Дом был большой, старинный, и Левин, хотя жил один, но топил и занимал весь дом. Он знал, что это было глупо, знал, что это даже нехорошо и противно его теперешним новым планам, но дом этот был целый мир для Левина. Это был мир, в котором жили и умерли его отец и мать. Они жили тою жизнью, которая для Левина казалась идеалом всякого совершенства и которую он мечтал возобновить с своею женой, с своею семьей.
Левин едва помнил свою мать. Понятие о ней было для него священным воспоминанием, и будущая жена его должна была быть в его воображении повторением того прелестного, святого идеала женщины, каким была для него мать.
Любовь к женщине он не только не мог себе представить без брака, но он прежде представлял себе семью, а потом уже ту женщину, которая даст ему семью.
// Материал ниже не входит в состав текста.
text \<open>The one-jump form of the supermartingale property of \<open>exp (c t) beta\<^bsup>N t\<^esup> W (x\<^sub>t, z\<^sub>t)\<close>,
  where \<open>N t\<close> counts the jumps up to time \<open>t\<close>.\<close>
definition first_jump_decay :: "('a \<times> 'a \<Rightarrow> real) \<Rightarrow> real \<Rightarrow> real \<Rightarrow> bool" where
  "first_jump_decay W c beta \<longleftrightarrow> (\<forall>q tau. 0 \<le> tau \<longrightarrow>
     (\<integral>\<^sup>+ z. ennreal (of_bool (tau < fst z) * W (cn_flow eta eta' q tau))
            + ennreal (of_bool (fst z \<le> tau) * beta * exp (- c * (tau - fst z))
                        * W (jump (cn_flow eta eta' q (fst z)) (snd z))) \<partial>jump_law)
     \<le> ennreal (exp (- c * tau) * W q))"

lemma first_jump_decayD:
  assumes "first_jump_decay W c beta" and "0 \<le> tau"
  shows "(\<integral>\<^sup>+ z. ennreal (of_bool (tau < fst z) * W (cn_flow eta eta' q tau))
            + ennreal (of_bool (fst z \<le> tau) * beta * exp (- c * (tau - fst z))
                        * W (jump (cn_flow eta eta' q (fst z)) (snd z))) \<partial>jump_law)
     \<le> ennreal (exp (- c * tau) * W q)"
  using assms unfolding first_jump_decay_def by blast

text \<open>The hypotheses \<open>jump_le\<close> and \<open>generator_le\<close> say that the generator
  \<open>W' + beta E W(jump) - W\<close> of the process is at most \<open>- c W\<close>.\<close>
lemma first_jump_decayI:
  fixes W W' J :: "'a \<times> 'a \<Rightarrow> real"
  assumes [measurable]: "W \<in> borel_measurable borel"
    and W_nonneg: "\<And>p. 0 \<le> W p" and beta: "0 \<le> beta" and J_nonneg: "\<And>p. 0 \<le> J p"
    and jump_le: "\<And>p. (\<integral>\<^sup>+ s. ennreal (beta * W (jump p s)) \<partial>P) \<le> ennreal (J p)"
    and flow_deriv: "\<And>q s. ((\<lambda>s. W (cn_flow eta eta' q s)) has_real_derivative W' (cn_flow eta eta' q s)) (at s)"
    and generator_le: "\<And>p. J p \<le> (1 - c) * W p - W' p"
  shows "first_jump_decay W c beta"
  unfolding first_jump_decay_def
proof (intro allI impI)
  fix q :: "'a \<times> 'a" and tau :: real
  assume tau: "0 \<le> tau"
  define F where "F s = cn_flow eta eta' q s" for s
  have [measurable]: "F \<in> borel_measurable borel"
    unfolding F_def by measurable
  define h where "h z = ennreal (of_bool (tau < fst z) * W (F tau))
     + ennreal (of_bool (fst z \<le> tau) * beta * exp (- c * (tau - fst z)) * W (jump (F (fst z)) (snd z)))"
    for z :: "real \<times> 'b"
  have inner: "(\<integral>\<^sup>+ y. h (s, y) \<partial>P) \<le> indicator {tau<..} s * ennreal (W (F tau))
      + indicator {0..tau} s * ennreal (exp (- c * (tau - s)) * J (F s))" if "0 \<le> s" for s
  proof -
    have "(\<integral>\<^sup>+ y. h (s, y) \<partial>P) = ennreal (of_bool (tau < s) * W (F tau))
        + (\<integral>\<^sup>+ y. ennreal (of_bool (s \<le> tau) * exp (- c * (tau - s))) * ennreal (beta * W (jump (F s) y)) \<partial>P)"
      unfolding h_def fst_conv snd_conv
      by (subst nn_integral_add) (auto simp: P.emeasure_space_1 ennreal_mult'[symmetric] mult_ac W_nonneg beta)
    also have "\<dots> = ennreal (of_bool (tau < s) * W (F tau))
        + ennreal (of_bool (s \<le> tau) * exp (- c * (tau - s))) * (\<integral>\<^sup>+ y. ennreal (beta * W (jump (F s) y)) \<partial>P)"
      by (subst nn_integral_cmult) auto
    also have "\<dots> \<le> ennreal (of_bool (tau < s) * W (F tau))
        + ennreal (of_bool (s \<le> tau) * exp (- c * (tau - s))) * ennreal (J (F s))"
      by (intro add_left_mono mult_left_mono jump_le) auto
    also have "\<dots> = indicator {tau<..} s * ennreal (W (F tau))
        + indicator {0..tau} s * ennreal (exp (- c * (tau - s)) * J (F s))"
      using that J_nonneg[of "F s"] by (auto simp: indicator_def ennreal_mult'[symmetric])
    finally show ?thesis .
  qed
  have "(\<integral>\<^sup>+ z. h z \<partial>jump_law) = (\<integral>\<^sup>+ s. ennreal (exponential_density 1 s) * (\<integral>\<^sup>+ y. h (s, y) \<partial>P) \<partial>lborel)"
    by (rule nn_integral_jump_law) (unfold h_def, measurable)
  also have "\<dots> \<le> (\<integral>\<^sup>+ s. ennreal (exponential_density 1 s) * (indicator {tau<..} s * ennreal (W (F tau))
      + indicator {0..tau} s * ennreal (exp (- c * (tau - s)) * J (F s))) \<partial>lborel)"
  proof (rule nn_integral_mono)
    fix s :: real
    show "ennreal (exponential_density 1 s) * (\<integral>\<^sup>+ y. h (s, y) \<partial>P)
      \<le> ennreal (exponential_density 1 s) * (indicator {tau<..} s * ennreal (W (F tau))
        + indicator {0..tau} s * ennreal (exp (- c * (tau - s)) * J (F s)))"
      using inner[of s] by (cases "0 \<le> s") (auto simp: exponential_density_def intro: mult_left_mono)
  qed
  also have "\<dots> \<le> ennreal (exp (- c * tau) * W (F 0))"
  proof (rule nn_integral_exponential_clock_le[OF tau])
    fix s assume "s \<in> {0..tau}"
    show "((\<lambda>s. W (F s)) has_real_derivative W' (F s)) (at s within {0..tau})"
      unfolding F_def by (rule has_field_derivative_at_within[OF flow_deriv])
    show "0 \<le> J (F s) \<and> J (F s) \<le> (1 - c) * W (F s) - W' (F s)"
      using J_nonneg generator_le by blast
  qed (rule W_nonneg)
  also have "F 0 = q"
    unfolding F_def using cn_flow_0 flow_rate_nonzero by blast
  finally show "(\<integral>\<^sup>+ z. ennreal (of_bool (tau < fst z) * W (cn_flow eta eta' q tau))
            + ennreal (of_bool (fst z \<le> tau) * beta * exp (- c * (tau - fst z))
                        * W (jump (cn_flow eta eta' q (fst z)) (snd z))) \<partial>jump_law)
     \<le> ennreal (exp (- c * tau) * W q)"
    unfolding h_def F_def .
qed

definition jump_laws :: "nat \<Rightarrow> (nat \<Rightarrow> real \<times> 'b) measure" where
  "jump_laws n = (\<Pi>\<^sub>M i\<in>{..<n}. jump_law)"

definition state_after :: "'a \<Rightarrow> nat \<Rightarrow> (nat \<Rightarrow> real \<times> 'b) \<Rightarrow> 'a \<times> 'a" where
  "state_after x0 n y = cn_state eta eta' gamma gamma' G x0 (\<lambda>i. fst (y i)) (\<lambda>i. snd (y i)) n"

text \<open>For a sample \<open>y\<close> of inter-jump times and marks, \<open>value_between_jumps\<close> is
  \<open>beta\<^sup>n W (x\<^sub>t, z\<^sub>t)\<close> on the event of exactly \<open>n\<close> jumps by time \<open>t\<close>; integrating out the later
  jumps, \<open>value_at_jump\<close> bounds what remains of the sum of these over \<open>n\<close> and more jumps.\<close>
definition value_between_jumps ::
    "('a \<times> 'a \<Rightarrow> real) \<Rightarrow> real \<Rightarrow> 'a \<Rightarrow> real \<Rightarrow> nat \<Rightarrow> (nat \<Rightarrow> real \<times> 'b) \<Rightarrow> ennreal" where
  "value_between_jumps W beta x0 t n y =
     ennreal (of_bool (jumps_by t n y \<and> t < jump_time (Suc n) y) * beta ^ n
       * W (cn_flow eta eta' (state_after x0 n y) (t - jump_time n y)))"

definition value_at_jump ::
    "('a \<times> 'a \<Rightarrow> real) \<Rightarrow> real \<Rightarrow> real \<Rightarrow> 'a \<Rightarrow> real \<Rightarrow> nat \<Rightarrow> (nat \<Rightarrow> real \<times> 'b) \<Rightarrow> ennreal" where
  "value_at_jump W c beta x0 t n y =
     ennreal (of_bool (jumps_by t n y) * beta ^ n * exp (- c * (t - jump_time n y)) * W (state_after x0 n y))"

lemma state_after_0 [simp]: "state_after x0 0 y = (x0, x0)"
  by (simp add: state_after_def)

lemma state_after_Suc:
  "state_after x0 (Suc n) y = jump (cn_flow eta eta' (state_after x0 n y) (fst (y n))) (snd (y n))"
  by (simp add: state_after_def Let_def jump_def)

lemma state_after_cong: "(\<And>i. i < n \<Longrightarrow> y i = y' i) \<Longrightarrow> state_after x0 n y = state_after x0 n y'"
  unfolding state_after_def by (rule cn_state_cong) auto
Его понятия о женитьбе поэтому не были похожи на понятия большинства его знакомых, для которых женитьба была одним из многих общежитейских дел; для Левина это было главным делом жизни, от которого зависело все ее счастье. И теперь от этого нужно было отказаться!
Когда он вошел в маленькую гостиную, где всегда пил чай, и уселся в своем кресле с книгою, а Агафья Михайловна принесла ему чаю и со своим обычным: «А я сяду, батюшка», села на стул у окна, он почувствовал что, как ни странно это было, он не расстался с своим мечтами и что он без них жить не может. С ней ли, с другою ли, но это будет. Он читал книгу, думал о том, что читал, останавливаясь, чтобы слушать Агафью Михайловну, которая без устали болтала; и вместе с тем разные картины хозяйства и будущей семейной жизни без связи представлялись его воображению. Он чувствовал, что в глубине его души что-то устанавливалось, умерялось и укладывалось.
Он слушал разговор Агафьи Михайловны о том, как Прохор бога забыл и на те деньги, что ему подарил Левин, чтобы лошадь купить, пьет без просыпу и жену избил до смерти; он слушал и читал книгу и вспоминал весь ход своих мыслей, возбужденных чтением. Это была книга Тиндаля о теплоте. Он вспоминал свои осуждения Тиндалю за его самодовольство в ловкости производства опытов и за то, что ему недостает философского взгляда. И вдруг всплывала радостная мысль: «Через два года будут у меня в стаде две голландки, сама Пава еще может быть жива, двенадцать молодых Беркутовых дочерей, да подсыпать на казовый конец этих трех – чудо!» Он опять взялся за книгу.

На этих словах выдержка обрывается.